Sedikitnya dua dua pembom strategis B-52H Stratofortress, pada Senin 15 Januari 2018 terbang melintasi Pasifik. Mereka terus melewati Hawaii dan hampir pasti mendarat ke Panngkalan Udara Andersen di Guam.
Di sana mereka akan bergabung dengan B-1B dan B-2A yang sudah dikerahkan ke pos terdepan tersebut. Kedatangan B-52 menjadikan apa yang terjadi terakhir pada Agustus 2016 kembali terulang ketika tiga bomber Amerika bersama-sama berada di pulau tersebut.
Sebelumnya B-2 juga telah dikerahkan ke pulau tersebut di tengah ketegangan yang belum juga turun di wilayah pasifik, terutama terkait rudal dan nuklir Korea Utara. Sebelumnya muncul laporan di New York Times bahwa diam-diam Pentagon telah melakukan persiapan terakhir untuk melakukan perang dengan Pyongyang.

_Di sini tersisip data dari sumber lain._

(* Let $\phi:\mathbb{R}^N\times\mathbb{R}^N\to\mathbb{R}$ be differentiable. Consider the problem of minimizing, over Lipschitz-in-$\mathbf{x}$ fields $\mathbf{u}:[0,T]\times\mathbb{R}^N\to\mathbb{R}^N$, the cost $\int_0^T\phi(\mathbf{x}(t),\mathbf{x}'(t))\,dt$ where $\mathbf{x}'(t)=\mathbf{u}(t,\mathbf{x}(t))$, $\mathbf{x}(0)=\mathbf{x}_0$, for every initial datum $\mathbf{x}_0\in\mathbb{R}^N$. If $\mathbf{u}$ is optimal (for all $\mathbf{x}_0$), then the solution $\mathbf{p}:[0,T]\times\mathbb{R}^N\to\mathbb{R}^N$ (row vector) of the linear transport system $\mathbf{p}_t+\nabla\mathbf{p}\,\mathbf{u}+\mathbf{p}\,\nabla\mathbf{u}=\nabla_{\mathbf{x}}[\phi(\mathbf{x},\mathbf{u}(t,\mathbf{x}))]$ in $[0,T]\times\mathbb{R}^N$, with $\mathbf{p}(T,\mathbf{x})=0$, coincides with $\phi_\xi(\mathbf{x},\mathbf{u}(t,\mathbf{x}))$ along trajectories, i.e. $\mathbf{p}(t,\mathbf{x})\equiv\phi_\xi(\mathbf{x},\mathbf{u}(t,\mathbf{x}))$.
   Context: $\nabla$ denotes the Jacobian in the spatial variable $\mathbf{x}$; $\nabla_{\mathbf{x}}[\phi(\mathbf{x},\mathbf{u}(t,\mathbf{x}))]=\phi_{\mathbf{x}}(\mathbf{x},\mathbf{u})+\phi_\xi(\mathbf{x},\mathbf{u})\nabla\mathbf{u}$. *)

theory Defs
  imports "HOL-Analysis.Analysis"
begin

text \<open>Points of R^N are vectors of type real^'n ('n a finite index type, N = CARD('n)).
  Row vectors (p, phi_xi) are also represented as elements of real^'n, acting on
  column vectors by the inner product.\<close>

definition admissible_field :: "real \<Rightarrow> (real \<Rightarrow> real^'n \<Rightarrow> real^'n) \<Rightarrow> bool" where
  "admissible_field T v \<longleftrightarrow>
     continuous_on ({0..T} \<times> UNIV) (\<lambda>z. v (fst z) (snd z)) \<and>
     (\<exists>L. \<forall>t\<in>{0..T}. L-lipschitz_on UNIV (v t))"

definition trajectory :: "real \<Rightarrow> (real \<Rightarrow> real^'n \<Rightarrow> real^'n) \<Rightarrow> real^'n \<Rightarrow> (real \<Rightarrow> real^'n) \<Rightarrow> bool" where
  "trajectory T v x0 x \<longleftrightarrow>
     x 0 = x0 \<and> (\<forall>t\<in>{0..T}. (x has_vector_derivative v t (x t)) (at t within {0..T}))"

definition cost :: "real \<Rightarrow> (real^'n \<Rightarrow> real^'n \<Rightarrow> real) \<Rightarrow> (real \<Rightarrow> real^'n \<Rightarrow> real^'n) \<Rightarrow> (real \<Rightarrow> real^'n) \<Rightarrow> real" where
  "cost T \<phi> v x = integral {0..T} (\<lambda>t. \<phi> (x t) (v t (x t)))"

definition optimal_field :: "real \<Rightarrow> (real^'n \<Rightarrow> real^'n \<Rightarrow> real) \<Rightarrow> (real \<Rightarrow> real^'n \<Rightarrow> real^'n) \<Rightarrow> bool" where
  "optimal_field T \<phi> u \<longleftrightarrow> admissible_field T u \<and>
     (\<forall>x0 v y z. admissible_field T v \<longrightarrow> trajectory T u x0 y \<longrightarrow> trajectory T v x0 z \<longrightarrow>
        cost T \<phi> u y \<le> cost T \<phi> v z)"

text \<open>Row vector of partial derivatives phi_xi(x,xi), from the total derivative D of
  (x,xi) |-> phi x xi.\<close>
definition partial_xi :: "((real^'n) \<times> (real^'n) \<Rightarrow> ((real^'n) \<times> (real^'n)) \<Rightarrow>\<^sub>L real) \<Rightarrow> real^'n \<Rightarrow> real^'n \<Rightarrow> real^'n" where
  "partial_xi D x \<xi> = (\<chi> i. blinfun_apply (D (x, \<xi>)) (0, axis i 1))"

end

theory Submission
  imports Defs
begin

text \<open>Along a trajectory \<open>X\<close> of \<open>u\<close> let \<open>a(t) = \<phi>\<^sub>x(X, u(t,X))\<close> and
  \<open>q(t) = \<phi>\<^sub>\<xi>(X, u(t,X))\<close>. Comparing \<open>u\<close> with the admissible fields
  \<open>y \<mapsto> u(t, y - e g(t)) + e g'(t)\<close>, whose trajectories are \<open>X + e g\<close>, shows that the
  first variation \<open>\<integral> a\<cdot>g + q\<cdot>g'\<close> vanishes for every \<open>g\<close> with \<open>g(0) = 0\<close>; by the
  du Bois-Reymond lemma \<open>q' = a\<close> and \<open>q(T) = 0\<close>. The transport equation says that
  \<open>P(t) = p(t, X(t))\<close> satisfies \<open>P' = a + (q - P) \<nabla>u\<close>, so \<open>R = q - P\<close> solves the linear
  equation \<open>R' = - R \<nabla>u\<close> with \<open>R(T) = 0\<close>, and a Gronwall estimate gives \<open>R = 0\<close>.
  Since \<open>u\<close> is Lipschitz in \<open>x\<close>, every point \<open>(t, x)\<close> lies on a trajectory (Picard iteration),
  so \<open>p = \<phi>\<^sub>\<xi>\<close> everywhere.\<close>

section \<open>Trajectories of Lipschitz fields\<close>

lemma continuous_on_along_curve:
  assumes "continuous_on (S \<times> UNIV) (\<lambda>z. f (fst z) (snd z))" and "continuous_on S Y"
  shows "continuous_on S (\<lambda>s. f s (Y s))"
proof -
  have "continuous_on S (\<lambda>s. (s, Y s))" by (intro continuous_intros assms(2))
  from continuous_on_compose2[OF assms(1) this] show ?thesis by auto
qed

lemma has_integral_power_over_fact:
  fixes a t :: real
  assumes "a \<le> t"
  shows "((\<lambda>s. (s - a) ^ k / fact k) has_integral (t - a) ^ Suc k / fact (Suc k)) {a..t}"
proof -
  have "((\<lambda>s. (s - a) ^ Suc k / fact (Suc k)) has_real_derivative
      of_nat (Suc k) * ((1 - 0) * (s - a) ^ (Suc k - Suc 0)) / fact (Suc k)) (at s within {a..t})" for s
    by (intro DERIV_cdivide DERIV_power DERIV_diff DERIV_ident DERIV_const)
  then have "((\<lambda>s. (s - a) ^ Suc k / fact (Suc k)) has_vector_derivative (s - a) ^ k / fact k)
      (at s within {a..t})" for s
    by (simp add: fact_Suc has_real_derivative_iff_has_vector_derivative[symmetric])
  from fundamental_theorem_of_calculus[OF assms this] show ?thesis by simp
qed

lemma uniform_limit_lipschitz_compose:
  assumes lim: "uniform_limit S X Y F" and lip: "\<And>s. s \<in> S \<Longrightarrow> L-lipschitz_on UNIV (f s)"
  shows "uniform_limit S (\<lambda>n s. f s (X n s)) (\<lambda>s. f s (Y s)) F"
  unfolding uniform_limit_iff
proof (intro allI impI)
  fix e :: real assume "0 < e"
  then have "\<forall>\<^sub>F n in F. \<forall>s\<in>S. dist (X n s) (Y s) < e / (\<bar>L\<bar> + 1)"
    using lim unfolding uniform_limit_iff by simp
  then show "\<forall>\<^sub>F n in F. \<forall>s\<in>S. dist (f s (X n s)) (f s (Y s)) < e"
  proof (rule eventually_mono, intro ballI)
    fix n s assume close: "\<forall>s\<in>S. dist (X n s) (Y s) < e / (\<bar>L\<bar> + 1)" and s: "s \<in> S"
    have "dist (f s (X n s)) (f s (Y s)) \<le> L * dist (X n s) (Y s)"
      using lip[OF s] by (simp add: lipschitz_on_def)
    also have "\<dots> \<le> \<bar>L\<bar> * (e / (\<bar>L\<bar> + 1))"
      using close s by (intro mult_mono) auto
    also have "\<dots> < e"
      using \<open>0 < e\<close> by (simp add: field_simps)
    finally show "dist (f s (X n s)) (f s (Y s)) < e" .
  qed
qed

lemma uniform_limit_of_summable_increments:
  fixes X :: "nat \<Rightarrow> 'b \<Rightarrow> 'a::banach"
  assumes "\<And>k t. t \<in> S \<Longrightarrow> norm (X (Suc k) t - X k t) \<le> M k" and "summable M"
  obtains Y where "uniform_limit S X Y sequentially"
proof
  have telescope: "(\<Sum>k<n. X (Suc k) t - X k t) = X n t - X 0 t" for n t
    by (rule sum_lessThan_telescope)
  have "uniform_limit S (\<lambda>n t. \<Sum>k<n. X (Suc k) t - X k t) (\<lambda>t. \<Sum>k. X (Suc k) t - X k t) sequentially"
    using assms by (rule Weierstrass_m_test)
  then show "uniform_limit S X (\<lambda>t. X 0 t + (\<Sum>k. X (Suc k) t - X k t)) sequentially"
    unfolding uniform_limit_iff telescope by (simp add: dist_norm algebra_simps)
qed

definition picard_map ::
    "(real \<Rightarrow> 'a \<Rightarrow> 'a::banach) \<Rightarrow> real \<Rightarrow> 'a \<Rightarrow> (real \<Rightarrow> 'a) \<Rightarrow> real \<Rightarrow> 'a" where
  "picard_map f a x0 Y t = x0 + integral {a..t} (\<lambda>s. f s (Y s))"

context
  fixes f :: "real \<Rightarrow> 'a::banach \<Rightarrow> 'a" and a b L :: real
  assumes f_cont: "continuous_on ({a..b} \<times> UNIV) (\<lambda>z. f (fst z) (snd z))"
    and f_lip: "\<And>t. t \<in> {a..b} \<Longrightarrow> L-lipschitz_on UNIV (f t)"
begin

lemma integrable_along_curve:
  assumes "continuous_on {a..b} Y" and "t \<le> b"
  shows "(\<lambda>s. f s (Y s)) integrable_on {a..t}"
  using assms by (intro integrable_continuous_real continuous_on_subset[OF continuous_on_along_curve[OF f_cont]]) auto

lemma continuous_on_picard_map:
  assumes "continuous_on {a..b} Y"
  shows "continuous_on {a..b} (picard_map f a x0 Y)"
  unfolding picard_map_def[abs_def] using integrable_along_curve[OF assms order_refl]
  by (intro continuous_intros indefinite_integral_continuous_1)

lemma picard_map_dist_le:
  assumes Y: "continuous_on {a..b} Y" and Z: "continuous_on {a..b} Z" and t: "t \<in> {a..b}"
    and bound: "\<And>s. s \<in> {a..b} \<Longrightarrow> norm (Y s - Z s) \<le> M * (L * (s - a)) ^ k / fact k"
  shows "norm (picard_map f a x0 Y t - picard_map f a x0 Z t) \<le> M * (L * (t - a)) ^ Suc k / fact (Suc k)"
proof -
  have L: "0 \<le> L" using f_lip[of t] t lipschitz_on_nonneg by blast
  have majorant: "((\<lambda>s. M * L ^ Suc k * ((s - a) ^ k / fact k)) has_integral
      M * (L * (t - a)) ^ Suc k / fact (Suc k)) {a..t}"
    using has_integral_mult_right[where c = "M * L ^ Suc k", OF has_integral_power_over_fact[of a t k]] t
    by (simp add: power_mult_distrib mult_ac)
  have "norm (picard_map f a x0 Y t - picard_map f a x0 Z t) = norm (integral {a..t} (\<lambda>s. f s (Y s) - f s (Z s)))"
    using t by (simp add: picard_map_def integral_diff integrable_along_curve[OF Y] integrable_along_curve[OF Z])
  also have "\<dots> \<le> integral {a..t} (\<lambda>s. M * L ^ Suc k * ((s - a) ^ k / fact k))"
  proof (rule integral_norm_bound_integral)
    show "(\<lambda>s. f s (Y s) - f s (Z s)) integrable_on {a..t}"
      using t by (intro integrable_diff integrable_along_curve Y Z) auto
    show "(\<lambda>s. M * L ^ Suc k * ((s - a) ^ k / fact k)) integrable_on {a..t}"
      using majorant by blast
    fix s assume s: "s \<in> {a..t}"
    then have "s \<in> {a..b}" using t by auto
    then have "norm (f s (Y s) - f s (Z s)) \<le> L * (M * (L * (s - a)) ^ k / fact k)"
      using lipschitz_on_normD[OF f_lip] bound L by (meson UNIV_I mult_left_mono order_trans)
    also have "\<dots> = M * L ^ Suc k * ((s - a) ^ k / fact k)"
      by (simp add: power_mult_distrib mult_ac)
    finally show "norm (f s (Y s) - f s (Z s)) \<le> M * L ^ Suc k * ((s - a) ^ k / fact k)" .
  qed
  also have "\<dots> = M * (L * (t - a)) ^ Suc k / fact (Suc k)"
    using majorant by (rule integral_unique)
  finally show ?thesis .
qed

Sebelum kedatangan B-2 dan B-52, hanya ada B-1B di Guam. Selama 16 bulan terakhir B-52H absen dari wilayah ini. B-52H seperti B-2A memiliki kemampuan untuk mengirimkan senjata nuklir.

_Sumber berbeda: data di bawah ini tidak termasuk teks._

(* Let $X$ and $X'$ be $3$-dimensional locally standard $T^1$-pseudomanifolds over $2$-stratifolds (i.e. $(l,m,n)=(1,1,1)$), with characteristic data $(Q,\{1,T\},0)$ and $(Q',\{1,T\},0)$. Then these data are (weakly) isomorphic — equivalently, there exists a stratified homeomorphism $Q\to Q'$ — if and only if $X$ and $X'$ are (weakly) $T^1$-equivariantly homeomorphic.
   Context: Notation: $U(1)=\{z\in\mathbb C:|z|=1\}$, $T^m=U(1)^m$, $\mathbb C^\times=\mathbb C\setminus\{0\}$, open cone $\mathring c(L)=L\times[0,1)/(L\times\{0\})$ ($\mathring c(\emptyset)$ a point). A topological stratified pseudomanifold is a Hausdorff space $Q$ with closed filtration $Q=Q_{l+n}\supsetneq\cdots\supsetneq Q_l\supsetneq\emptyset$ whose strata (components of $Q_i\setminus Q_{i-1}$) are $i$-manifolds, with $\mathring Q=Q_{l+n}\setminus Q_{l+n-1}$ dense, and each point $p$ of an $(l+i)$-stratum having a filtration-preserving neighborhood $O\times\mathring c(L_p)$, $O\subset\mathbb R^{l+i}$ contractible open, $L_p$ a compact $(n-i-1)$-dimensional topological stratified pseudomanifold (the link). Locally standard $T^m$-pseudomanifold $X$ (dimension $l+m+n$, $l\ge0$, $m\ge n\ge0$): a second-countable compact Hausdorff space with effective continuous $T^m$-action with subtorus isotropy groups, filtered by $X_{l+2i+(m-n)}=X_{l+2i+1+(m-n)}=\{x:\dim T^mx\le i+m-n\}$ ($0\le i\le n$), which is a topological stratified pseudomanifold with no orbits of dimension $<m-n$ and with free orbits if $l+n\ne0$, and inductively: if $l+n=0$, $X$ is a finite disjoint union of copies of $T^m$; otherwise each $x\in X_{l+2i+(m-n)}\setminus X_{l+2(i-1)+(m-n)}$ has an invariant open neighborhood weakly equivariantly homeomorphic to $O\times(\Omega\times U(1)^{m-n})\times\mathring c(L_x)$ with $O\subset\mathbb R^l$ contractible open, $\Omega\subset(\mathbb C^\times)^i$ invariant open, $L_x$ a compact $(2n-2i-1)$-dimensional locally standard $T_x$-pseudomanifold ($T_x\cong T^{n-i}$ the isotropy group), $T^m\cong U(1)^{i+m-n}\times T_x$ acting freely on the middle factor and via $L_x$ on the cone. The orbit space $Q=X/T^m$ with filtration $Q_{l+i}=X_{l+2i+(m-n)}/T^m$ is a topological stratified pseudomanifold of dimension $l+n$. When $(l,n)=(1,1)$, $Q$ (filtration $Q_2\supset Q_1\supset\emptyset$) is called a $2$-stratifold; for $m=1$ the characteristic functor $\{1,T\}$ assigns the trivial group to $2$-strata and $T^1$ to $1$-strata, and the Chern class of the free part is $0$. A stratified homeomorphism is a homeomorphism carrying strata onto strata and preserving the filtration; a weak isomorphism of data additionally allows an automorphism of $T^1$ (here only $t\mapsto t^{\pm1}$), an isomorphism requires the identity. A weak equivariant homeomorphism is a homeomorphism $F$ with $F(tx)=\psi(t)F(x)$ for some automorphism $\psi$. *)

theory Defs
  imports "HOL-Analysis.Analysis"
begin

abbreviation U1 :: "complex set" where "U1 \<equiv> sphere 0 1"

definition torus_aut :: "(complex \<Rightarrow> complex) \<Rightarrow> bool" where
  "torus_aut \<psi> \<longleftrightarrow> continuous_on U1 \<psi> \<and> bij_betw \<psi> U1 U1 \<and>
     (\<forall>s\<in>U1. \<forall>t\<in>U1. \<psi> (s * t) = \<psi> s * \<psi> t)"

definition U1_action :: "'a topology \<Rightarrow> (complex \<Rightarrow> 'a \<Rightarrow> 'a) \<Rightarrow> bool" where
  "U1_action X act \<longleftrightarrow>
     continuous_map (prod_topology (top_of_set U1) X) X (\<lambda>(t, x). act t x) \<and>
     (\<forall>x\<in>topspace X. act 1 x = x) \<and>
     (\<forall>s\<in>U1. \<forall>t\<in>U1. \<forall>x\<in>topspace X. act (s * t) x = act s (act t x))"

definition stabilizer :: "(complex \<Rightarrow> 'a \<Rightarrow> 'a) \<Rightarrow> 'a \<Rightarrow> complex set" where
  "stabilizer act x = {t \<in> U1. act t x = x}"

definition orbit :: "(complex \<Rightarrow> 'a \<Rightarrow> 'a) \<Rightarrow> 'a \<Rightarrow> 'a set" where
  "orbit act x = (\<lambda>t. act t x) ` U1"

definition invariant_set :: "(complex \<Rightarrow> 'a \<Rightarrow> 'a) \<Rightarrow> 'a set \<Rightarrow> bool" where
  "invariant_set act W \<longleftrightarrow> (\<forall>t\<in>U1. \<forall>x\<in>W. act t x \<in> W)"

Sejauh ini memang belum ada konfirmasi dari Angkatan Udara Amerika tentang pengiriman B-52H. Sebagaimana dilaporkan The Drive Senin 15 Januari 20189, pesawat terdeteksi melalui situs penerbangan pesawat yang menyebut bomber tersebut terbang dengan Callsign MYTEE 51. Tidak jelas juga akan berapa lama B-52H akan tinggal di Guam karena perputaran bomber di tempat ini dikenal cukup cepat dan sporadis.
USAF B-52H Stratofortress bombers callsign MYTEE51 Flight of 2? Departed Barksdale AFB, Louisiana en-route to Andersen AFB, Guam pic.twitter.com/GEDFPE5ChZ
— Aircraft Spots (@AircraftSpots) January 15, 2018
Selama tahun 2017, B-1B paling lama beroperasi di Guam. Beberapa kali pembom ini terbang ke perbatasan Korea Utara untuk memberi ancaman dan pesan kepada Pyongyang. Penerbangan lebih sering dilakukan setelah Kim Jong un melakukan uji rudal dan nuklirnya.
Situasi di Semenanjung Korea sebenarnya menuju ke arah yang lebih dingin setelah Korea Utara bersedia melakukan perundingan dengan Korea Selatan. Perundingan bisa dilakukan setelah Seoul sepakat untuk menunda latihan militer bersama dengan Amerika Serikat.
Dalam perundingan tersebut, Pyongyang sepakat untuk mengirim kontingen saat Olimpiade Musim Dingin di Korea Selatan yang menjadi sinyal untuk membuka perundingan yang lebih dalam.